To work with relational data you need verbs that work with pairs of tables. There are two most common families of verbs designed to work with relational data:
-
Mutating joins, which add new variables to one data frame from matching observations in another.
-
Filtering joins, which filter observations from one data frame based on whether or not they match an observation in the other table.
Prerequisites
library(tidyverse)
library(nycflights13)
nycflights13
airlines lets you look up the full carrier name from its abbreviated code:
head(airlines)
## # A tibble: 6 × 2
## carrier name
## <chr> <chr>
## 1 9E Endeavor Air Inc.
## 2 AA American Airlines Inc.
## 3 AS Alaska Airlines Inc.
## 4 B6 JetBlue Airways
## 5 DL Delta Air Lines Inc.
## 6 EV ExpressJet Airlines Inc.
airports gives information about each airport, identified by the faa airport code:
airports
## # A tibble: 1,458 × 8
## faa name lat lon alt tz dst tzone
## <chr> <chr> <dbl> <dbl> <dbl> <dbl> <chr> <chr>
## 1 04G Lansdowne Airport 41.1 -80.6 1044 -5 A America/…
## 2 06A Moton Field Municipal Airport 32.5 -85.7 264 -6 A America/…
## 3 06C Schaumburg Regional 42.0 -88.1 801 -6 A America/…
## 4 06N Randall Airport 41.4 -74.4 523 -5 A America/…
## 5 09J Jekyll Island Airport 31.1 -81.4 11 -5 A America/…
## 6 0A9 Elizabethton Municipal Airport 36.4 -82.2 1593 -5 A America/…
## 7 0G6 Williams County Airport 41.5 -84.5 730 -5 A America/…
## 8 0G7 Finger Lakes Regional Airport 42.9 -76.8 492 -5 A America/…
## 9 0P2 Shoestring Aviation Airfield 39.8 -76.6 1000 -5 U America/…
## 10 0S9 Jefferson County Intl 48.1 -123. 108 -8 A America/…

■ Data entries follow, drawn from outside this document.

locale nbu_minimal_repair = nbu_lifetime nu + minimal_repair_process M1 "cdf nu" T
  for nu :: "real measure" and M1 :: "'b measure" and T :: "nat \<Rightarrow> 'b \<Rightarrow> real"
begin

lemma AE_T_nonneg: "AE \<omega> in M1. \<forall>k\<ge>1. 0 \<le> T k \<omega>"
proof -
  have "distr M1 borel (T 1) = nu"
  proof (rule cdf_unique)
    show "real_distribution (distr M1 borel (T 1))" "real_distribution nu"
      by (simp_all add: real_distribution_axioms)
    show "cdf (distr M1 borel (T 1)) = cdf nu"
      using measure_T1_le by (auto simp: cdf_def measure_distr vimage_def Int_def conj_commute)
  qed
  moreover have "emeasure M1 {\<omega> \<in> space M1. T 1 \<omega> < 0} = emeasure (distr M1 borel (T 1)) {..<0}"
    by (subst emeasure_distr) (auto simp: vimage_def Int_def conj_commute)
  ultimately have "emeasure M1 {\<omega> \<in> space M1. T 1 \<omega> < 0} = 0"
    by (simp add: emeasure_negative)
  then have "AE \<omega> in M1. 0 \<le> T 1 \<omega>"
    by (subst AE_iff_measurable[where N="{\<omega> \<in> space M1. T 1 \<omega> < 0}"]) auto
  then show ?thesis
    using AE_T_incseq
  proof eventually_elim
    case (elim \<omega>)
    show ?case
    proof (intro allI impI)
      fix k :: nat assume "1 \<le> k"
      then show "0 \<le> T k \<omega>"
        using elim incseqD[OF elim(2), of 0 "k - 1"] by simp
    qed
  qed
qed

lemma conv_cdf_le_emeasure_T: "1 \<le> k \<Longrightarrow> conv_cdf nu k t \<le> emeasure M1 {\<omega> \<in> space M1. T k \<omega> \<le> t}"
proof (induction k arbitrary: t rule: nat_induct_at_least)
  case base
  then show ?case
    using measure_T1_le[of t] conv_cdf_one[of t] by (simp add: M1.emeasure_eq_measure del: conv_cdf.simps)
next
  case (Suc k)
  have [measurable]: "T k \<in> borel_measurable M1" "T (Suc k) \<in> borel_measurable M1"
    using Suc by auto
  let ?r = "\<lambda>x. 1 - survival (cdf nu) t / survival (cdf nu) x"
  have "conv_cdf nu (Suc k) t \<le> (\<integral>\<^sup>+x. emeasure M1 {\<omega> \<in> space M1. T k \<omega> \<le> t - x} \<partial>nu)"
    by (simp add: nn_integral_mono Suc.IH)
  also have "\<dots> = (\<integral>\<^sup>+\<omega>. ennreal (cdf nu (t - T k \<omega>)) \<partial>M1)"
    by (rule nn_integral_emeasure_le_diff) (simp_all add: M1.prob_space_axioms)
  also have "\<dots> = ennreal (\<integral>\<omega>. cdf nu (t - T k \<omega>) \<partial>M1)"
    by (intro nn_integral_eq_integral M1.integrable_const_bound[where B=1]) (auto simp: cdf_nonneg cdf_bounded_prob)
  also have "\<dots> \<le> ennreal (\<integral>\<omega>. indicator {..t} (T k \<omega>) * ?r (T k \<omega>) \<partial>M1)"
  proof (intro ennreal_leI integral_mono_AE')
    show "integrable M1 (\<lambda>\<omega>. indicator {..t} (T k \<omega>) * ?r (T k \<omega>))"
      using survival_ratio_bounds by (intro integrable_indicator_T_mult[OF Suc(1), where C=1]) (auto simp: less_imp_le)
    show "AE \<omega> in M1. cdf nu (t - T k \<omega>) \<le> indicator {..t} (T k \<omega>) * ?r (T k \<omega>)"
      using AE_T_nonneg
      by eventually_elim (use Suc(1) in \<open>auto simp: indicator_def cdf_negative survival_pos
          intro!: cdf_diff_le_survival_ratio\<close>)
    show "AE \<omega> in M1. 0 \<le> indicator {..t} (T k \<omega>) * ?r (T k \<omega>)"
      using survival_ratio_bounds(2) by (auto simp: indicator_def)
  qed
  also have "\<dots> = ennreal (measure M1 {\<omega> \<in> space M1. T k \<omega> \<in> {..t} \<and> T (Suc k) \<omega> \<le> t})"
    by (subst measure_step_le_eq[OF Suc(1)]) auto
  also have "\<dots> \<le> emeasure M1 {\<omega> \<in> space M1. T (Suc k) \<omega> \<le> t}"
    by (simp add: M1.emeasure_eq_measure M1.finite_measure_mono Collect_mono_iff)
  finally show ?case .
qed

end

lemma nbu_minimal_repair_if_minimal_repair:
  assumes nbu: "nbu_lifetime nu" and "prob_space M1" and "minimal_repair M1 (cdf nu) T"
    and "continuous_on UNIV (cdf nu)" and survival_pos: "\<forall>t\<ge>0. 0 < survival (cdf nu) t"
  shows "nbu_minimal_repair nu M1 T"
proof (intro nbu_minimal_repair.intro[OF nbu] minimal_repair_process.intro[OF assms(2)]
    minimal_repair_process_axioms.intro assms(3,4))
  show "0 < survival (cdf nu) t" for t
    using survival_pos nbu_lifetime.cdf_negative[OF nbu, of t] by (cases "0 \<le> t") (auto simp: survival_def)
qed

lemma survival_eq_measure_greater:
  assumes "prob_space M" and "has_cdf M X F"
  shows "survival F t = measure M {\<omega> \<in> space M. t < X \<omega>}"
proof -
  interpret prob_space M
    by fact
  have [measurable]: "X \<in> borel_measurable M"
    using assms(2) by (simp add: has_cdf_def)
  have "{\<omega> \<in> space M. t < X \<omega>} = space M - {\<omega> \<in> space M. X \<omega> \<le> t}"
    by auto
  then show ?thesis
    using assms(2) prob_compl[of "{\<omega> \<in> space M. X \<omega> \<le> t}"] by (simp add: survival_def has_cdf_def)
qed

lemma NBU_survival_add_le:
  assumes M: "prob_space M" and X: "has_cdf M X F" and "NBU M X" and "0 \<le> a" "0 \<le> b"
  shows "survival F (a + b) \<le> survival F a * survival F b"
proof -
  interpret prob_space M
    by fact
  have [measurable]: "X \<in> borel_measurable M"
    using X by (simp add: has_cdf_def)
  have "measure M {\<omega> \<in> space M. b < X \<omega> - a \<and> a < X \<omega>} / measure M {\<omega> \<in> space M. a < X \<omega>}
      \<le> measure M {\<omega> \<in> space M. b < X \<omega>}"
    using \<open>NBU M X\<close> \<open>0 \<le> a\<close> unfolding NBU_def by blast
  moreover have "{\<omega> \<in> space M. b < X \<omega> - a \<and> a < X \<omega>} = {\<omega> \<in> space M. a + b < X \<omega>}"
    using \<open>0 \<le> b\<close> by auto
  ultimately have ratio: "survival F (a + b) / survival F a \<le> survival F b"
    by (simp add: survival_eq_measure_greater[OF M X])
  have "survival F (a + b) \<le> survival F a"
    using \<open>0 \<le> b\<close> unfolding survival_eq_measure_greater[OF M X] by (intro finite_measure_mono) auto
  moreover have "0 \<le> survival F a"
    by (simp add: survival_eq_measure_greater[OF M X])
  ultimately show ?thesis
    using ratio by (cases "survival F a = 0") (auto simp: divide_le_eq mult.commute)
qed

## # … with 1,448 more rows
planes gives information about each plane, identified by its tailnum:
planes
## # A tibble: 3,322 × 9
## tailnum year type manufacturer model engines seats speed engine
## <chr> <int> <chr> <chr> <chr> <int> <int> <int> <chr>
## 1 N10156 2004 Fixed wing multi… EMBRAER EMB-… 2 55 NA Turbo…

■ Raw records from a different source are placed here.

(* Let $X$ be a spectrally extremal regular graph on $n$ vertices of diameter $d$, with distinct eigenvalues $\theta_0 > \dots > \theta_d$. If the eccentricity of every vertex is $d$ and \[ n \prod_{s=1}^{d} \frac{1}{\theta_0 - \theta_s} = \sum_{r=0}^{d} (-1)^r \prod_{s \neq r} \frac{1}{\theta_r - \theta_s}, \] then $X$ is an antipodal distance-regular graph.
   Context: $X$ is a finite simple connected graph. A graph of diameter $d$ has at least $d+1$ distinct adjacency eigenvalues; it is spectrally extremal if it has exactly $d+1$. The eccentricity of a vertex $u$ is $\max_w d(u,w)$. A partition of $V(X)$ is equitable if the number of neighbours that a vertex $x$ has in a class $C$ depends only on the class containing $x$; these numbers are the parameters of the partition. The distance partition of $u$ is the partition into the sets $\{w : d(u,w)=i\}$. $X$ is distance-regular if the distance partition of every vertex is equitable with parameters independent of the vertex. A distance-regular graph of diameter $d$ is antipodal if the relation "being at distance $0$ or $d$" is an equivalence relation on $V(X)$. *)

theory Defs
  imports Complex_Main
begin

definition simple_graph :: "'a set \<Rightarrow> ('a \<Rightarrow> 'a \<Rightarrow> bool) \<Rightarrow> bool" where
  "simple_graph V E \<longleftrightarrow> finite V \<and> V \<noteq> {} \<and>
     (\<forall>x y. E x y \<longrightarrow> x \<in> V \<and> y \<in> V) \<and>
     (\<forall>x y. E x y \<longrightarrow> E y x) \<and> (\<forall>x. \<not> E x x)"

definition edge_rel :: "'a set \<Rightarrow> ('a \<Rightarrow> 'a \<Rightarrow> bool) \<Rightarrow> ('a \<times> 'a) set" where
  "edge_rel V E = {(x, y). x \<in> V \<and> y \<in> V \<and> E x y}"

definition connected_graph :: "'a set \<Rightarrow> ('a \<Rightarrow> 'a \<Rightarrow> bool) \<Rightarrow> bool" where
  "connected_graph V E \<longleftrightarrow> (\<forall>u\<in>V. \<forall>w\<in>V. (u, w) \<in> (edge_rel V E)\<^sup>*)"

definition gdist :: "'a set \<Rightarrow> ('a \<Rightarrow> 'a \<Rightarrow> bool) \<Rightarrow> 'a \<Rightarrow> 'a \<Rightarrow> nat" where
  "gdist V E u w = (LEAST n. (u, w) \<in> (edge_rel V E) ^^ n)"

definition eccentricity :: "'a set \<Rightarrow> ('a \<Rightarrow> 'a \<Rightarrow> bool) \<Rightarrow> 'a \<Rightarrow> nat" where
  "eccentricity V E u = Max {gdist V E u w | w. w \<in> V}"

definition diameter :: "'a set \<Rightarrow> ('a \<Rightarrow> 'a \<Rightarrow> bool) \<Rightarrow> nat" where
  "diameter V E = Max {gdist V E u w | u w. u \<in> V \<and> w \<in> V}"

definition regular_graph :: "'a set \<Rightarrow> ('a \<Rightarrow> 'a \<Rightarrow> bool) \<Rightarrow> bool" where
  "regular_graph V E \<longleftrightarrow> (\<exists>k. \<forall>x\<in>V. card {y \<in> V. E x y} = k)"

text \<open>Adjacency eigenvalues: \<theta> with A f = \<theta> f for some nonzero f : V \<rightarrow> \<real>.
  (The adjacency matrix is real symmetric, so all eigenvalues are real.)\<close>
definition adj_eigenvalues :: "'a set \<Rightarrow> ('a \<Rightarrow> 'a \<Rightarrow> bool) \<Rightarrow> real set" where
  "adj_eigenvalues V E = {\<theta>. \<exists>f :: 'a \<Rightarrow> real. (\<exists>x\<in>V. f x \<noteq> 0) \<and>
       (\<forall>x\<in>V. (\<Sum>y\<in>{y \<in> V. E x y}. f y) = \<theta> * f x)}"

definition spectrally_extremal :: "'a set \<Rightarrow> ('a \<Rightarrow> 'a \<Rightarrow> bool) \<Rightarrow> bool" where
  "spectrally_extremal V E \<longleftrightarrow> card (adj_eigenvalues V E) = diameter V E + 1"

definition distance_regular :: "'a set \<Rightarrow> ('a \<Rightarrow> 'a \<Rightarrow> bool) \<Rightarrow> bool" where
  "distance_regular V E \<longleftrightarrow> (\<exists>p :: nat \<Rightarrow> nat \<Rightarrow> nat. \<forall>u\<in>V. \<forall>x\<in>V. \<forall>j.
      card {y \<in> V. E x y \<and> gdist V E u y = j} = p (gdist V E u x) j)"

definition antipodal_drg :: "'a set \<Rightarrow> ('a \<Rightarrow> 'a \<Rightarrow> bool) \<Rightarrow> bool" where
  "antipodal_drg V E \<longleftrightarrow> distance_regular V E \<and>
     equiv V {(x, y). x \<in> V \<and> y \<in> V \<and>
                      (gdist V E x y = 0 \<or> gdist V E x y = diameter V E)}"

end

theory Submission
  imports Defs "HOL-Computational_Algebra.Fundamental_Theorem_Algebra" "HOL-Library.Function_Algebras"
begin

text \<open>
  Write \<open>p(A)\<close> for a polynomial in the adjacency operator \<open>A\<close>. As \<open>A\<close> is self-adjoint, it is
  annihilated by \<open>\<Prod>\<^sub>r (X - \<theta>\<^sub>r)\<close>, so \<open>p(A)\<close> only depends on the values \<open>p(\<theta>\<^sub>r)\<close>. Regularity and
  connectivity make the Hoffman polynomial \<open>H\<close> satisfy \<open>H(A) = J\<close>. Let \<open>q\<close> interpolate \<open>(-1)\<^sup>r\<close> at
  \<open>\<theta>\<^sub>r\<close>, so that \<open>q(A)\<^sup>2 = I\<close>. The hypothesis on \<open>n\<close> says that \<open>q\<close> and \<open>H\<close> have the same leading
  coefficient; since entries of \<open>p(A)\<close> at distance \<open>d\<close> only see the coefficient of \<open>X\<^sup>d\<close>, \<open>q(A)\<close> has
  entry \<open>1\<close> at every pair at distance \<open>d\<close>. Its rows have norm \<open>1\<close> and every vertex has eccentricity
  \<open>d\<close>, so every vertex has exactly one vertex at distance \<open>d\<close>, and \<open>q(A) = A\<^sub>d\<close>. Starting from \<open>A\<^sub>d\<close>,
  \<open>A\<^sub>d\<^sub>+\<^sub>1 = 0\<close> and \<open>A\<^sub>0 + \<dots> + A\<^sub>d = H(A)\<close>, the three-term recurrence of the distance matrices
  expresses every \<open>A\<^sub>i\<close> as a polynomial of degree \<open>i\<close> in \<open>A\<close>. Hence the algebra generated by \<open>A\<close> is
  spanned by the \<open>A\<^sub>i\<close>, which is distance-regularity, and the unique antipodes make it antipodal.
\<close>

lemma sum_fun_apply: "(\<Sum>a\<in>A. f a) x = (\<Sum>a\<in>A. f a x)"
  by (induction A rule: infinite_finite_induct) auto

lemma finite_exists_max:
  fixes g :: "'a \<Rightarrow> 'b::linorder"
  assumes "finite S" and "S \<noteq> {}"
  obtains x where "x \<in> S" and "\<forall>y\<in>S. g y \<le> g x"
proof -
  have "Max (g ` S) \<in> g ` S"
    using assms by (intro Max_in) auto
  then obtain x where "x \<in> S" "g x = Max (g ` S)"
    by auto
  moreover have "\<forall>y\<in>S. g y \<le> Max (g ` S)"
    using assms by simp
  ultimately show thesis
    using that by simp
qed

lemma prod_linear_factors_dvd:
  fixes p :: "'a::idom poly"
  assumes "finite S" and "\<forall>s\<in>S. poly p s = 0"
  shows "(\<Prod>s\<in>S. [:-s, 1:]) dvd p"
  using assms
proof (induction S arbitrary: p rule: finite_induct)
  case (insert a S)
  have "poly p a = 0"
    using insert.prems by simp
  then obtain q where q: "p = [:-a, 1:] * q"
    by (metis dvdE poly_eq_0_iff_dvd)
  have "poly q s = 0" if "s \<in> S" for s
  proof -
    have "poly p s = 0" "s \<noteq> a"
      using insert.prems insert.hyps(2) that by auto
    then show ?thesis by (simp add: q)
  qed
  then have "(\<Prod>s\<in>S. [:-s, 1:]) dvd q"
    using insert.IH by blast
  then show ?case
    unfolding prod.insert[OF insert.hyps] q by (rule mult_dvd_mono[OF dvd_refl])
qed simp

lemma degree_le_if_coeff_Suc_eq_0:
  "degree p \<le> Suc i \<Longrightarrow> coeff p (Suc i) = 0 \<Longrightarrow> degree p \<le> i"
  using leading_coeff_0_iff[of p] by (cases "degree p = Suc i") (auto simp: le_Suc_eq)

lemma degree_prod_linear: "degree (\<Prod>s\<in>S. [:-t s, 1:] :: 'a::idom poly) = card S"
  by (subst degree_prod_eq_sum_degree) auto

lemma coeff_prod_linear: "coeff (\<Prod>s\<in>S. [:-t s, 1:] :: 'a::idom poly) (card S) = 1"
  using lead_coeff_prod[of "\<lambda>s. [:-t s, 1:]" S] degree_prod_linear[of t S] by simp

section \<open>Real polynomials have a real factor of degree one or two\<close>

definition cpoly :: "real poly \<Rightarrow> complex \<Rightarrow> complex" where
  "cpoly p = poly (map_poly complex_of_real p)"

lemma cpoly_pCons: "cpoly (pCons a p) z = of_real a + z * cpoly p z"
  by (simp add: cpoly_def map_poly_pCons)

lemma cpoly_0 [simp]: "cpoly 0 z = 0"
  by (simp add: cpoly_def)

lemma cpoly_add: "cpoly (p + q) z = cpoly p z + cpoly q z"
proof -
  have "map_poly complex_of_real (p + q) = map_poly complex_of_real p + map_poly complex_of_real q"
    by (intro poly_eqI) (simp add: coeff_map_poly)
  then show ?thesis by (simp add: cpoly_def)
qed

lemma cpoly_smult: "cpoly (smult c p) z = of_real c * cpoly p z"
  by (simp add: cpoly_def map_poly_smult)

lemma cpoly_mult: "cpoly (p * q) z = cpoly p z * cpoly q z"
proof (induction p)
  case (pCons a p)
  have "pCons a p * q = smult a q + pCons 0 (p * q)" by simp
  with pCons.IH show ?case
    by (simp add: cpoly_add cpoly_pCons cpoly_smult algebra_simps)
qed simp

lemma cpoly_of_real: "cpoly p (of_real x) = of_real (poly p x)"
  by (induction p) (simp_all add: cpoly_pCons)

lemma cpoly_cnj: "cpoly p (cnj z) = cnj (cpoly p z)"
  by (induction p) (simp_all add: cpoly_pCons)

lemma real_poly_linear_or_quadratic_factor:
  fixes p :: "real poly"
  assumes "degree p > 0"
  obtains a q where "p = [:-a, 1:] * q"
        | a b q where "b \<noteq> 0" "p = [:a\<^sup>2 + b\<^sup>2, -2*a, 1:] * q"
proof -
  have "degree (map_poly complex_of_real p) > 0"
    using assms by (simp add: degree_map_poly)
  then obtain z where z: "cpoly p z = 0"
    unfolding cpoly_def using fundamental_theorem_of_algebra_alt
    by (metis degree_pCons_0 gr_implies_not0)
  show thesis
  proof (cases "Im z = 0")
    case True
    then have "poly p (Re z) = 0"
      using z cpoly_of_real[of p "Re z"] by (simp add: complex_is_Real_iff)
    then show thesis using that(1) by (metis dvdE poly_eq_0_iff_dvd)
  next
    case False
    define a b where "a = Re z" and "b = Im z"
    define Q where "Q = [:a\<^sup>2 + b\<^sup>2, -2*a, 1:]"
    have Q_roots: "cpoly Q z = 0" "cpoly Q (cnj z) = 0"
      by (simp_all add: Q_def cpoly_pCons cpoly_cnj a_def b_def complex_eq_iff
          power2_eq_square algebra_simps)
    \<comment> \<open>The remainder of p modulo Q is a real polynomial of degree at most one
        vanishing at the non-real point z, hence zero.\<close>
    define r where "r = p mod Q"
    have p_div_mod: "p = p div Q * Q + r" by (simp add: r_def)
    then have r_roots: "cpoly r z = 0" "cpoly r (cnj z) = 0"
      using z Q_roots by (metis add_0 cpoly_add cpoly_cnj cpoly_mult mult_zero_right)+
    have "degree r \<le> 1"
      using degree_mod_less[of Q p] by (auto simp: Q_def r_def)
    then have r_linear: "r = [:coeff r 0, coeff r 1:]"
      by (intro poly_eqI) (auto simp: coeff_pCons coeff_eq_0 split: nat.splits)
    then have "of_real (coeff r 0) + z * of_real (coeff r 1) = 0"
      using r_roots(1) by (metis cpoly_pCons cpoly_def map_poly_0 mult_zero_right poly_0 add_0_right)
    then have "coeff r 1 = 0" "coeff r 0 = 0"
      using False by (auto simp: complex_eq_iff)
    with r_linear have "p = Q * (p div Q)"
      by (metis p_div_mod add_0_right mult.commute pCons_0_0)
    then show thesis using that(2) False by (simp add: Q_def b_def a_def)
  qed
qed

section \<open>The adjacency operator of a finite simple graph\<close>

interpretation fun_vs: vector_space "\<lambda>(c::real) (g::'a \<Rightarrow> real) x. c * g x"
  by unfold_locales (auto simp: algebra_simps fun_eq_iff)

## 2 N102UW 1998 Fixed wing multi… AIRBUS INDU… A320… 2 182 NA Turbo…
## 3 N103US 1999 Fixed wing multi… AIRBUS INDU… A320… 2 182 NA Turbo…
## 4 N104UW 1999 Fixed wing multi… AIRBUS INDU… A320… 2 182 NA Turbo…
## 5 N10575 2002 Fixed wing multi… EMBRAER EMB-… 2 55 NA Turbo…
## 6 N105UW 1999 Fixed wing multi… AIRBUS INDU… A320… 2 182 NA Turbo…
## 7 N107US 1999 Fixed wing multi… AIRBUS INDU… A320… 2 182 NA Turbo…
## 8 N108UW 1999 Fixed wing multi… AIRBUS INDU… A320… 2 182 NA Turbo…
## 9 N109UW 1999 Fixed wing multi… AIRBUS INDU… A320… 2 182 NA Turbo…
## 10 N110UW 1999 Fixed wing multi… AIRBUS INDU… A320… 2 182 NA Turbo…
## # … with 3,312 more rows
weather gives the weather at each NYC airport for each hour:
weather
## # A tibble: 26,115 × 15
## origin year month day hour temp dewp humid wind_dir wind_speed
## <chr> <int> <int> <int> <int> <dbl> <dbl> <dbl> <dbl> <dbl>
## 1 EWR 2013 1 1 1 39.0 26.1 59.4 270 10.4
## 2 EWR 2013 1 1 2 39.0 27.0 61.6 250 8.06
## 3 EWR 2013 1 1 3 39.0 28.0 64.4 240 11.5
## 4 EWR 2013 1 1 4 39.9 28.0 62.2 250 12.7
## 5 EWR 2013 1 1 5 39.0 28.0 64.4 260 12.7
## 6 EWR 2013 1 1 6 37.9 28.0 67.2 240 11.5
## 7 EWR 2013 1 1 7 39.0 28.0 64.4 240 15.0
## 8 EWR 2013 1 1 8 39.9 28.0 62.2 250 10.4
## 9 EWR 2013 1 1 9 39.9 28.0 62.2 260 15.0
## 10 EWR 2013 1 1 10 41 28.0 59.6 260 13.8
## # … with 26,105 more rows, and 5 more variables: wind_gust <dbl>, precip <dbl>,
## # pressure <dbl>, visib <dbl>, time_hour <dttm>
nycflights13 Entity Relationship Diagram
One way to show the relationships between the different tables is with a drawing: If you have taken database management, you would be familiar with.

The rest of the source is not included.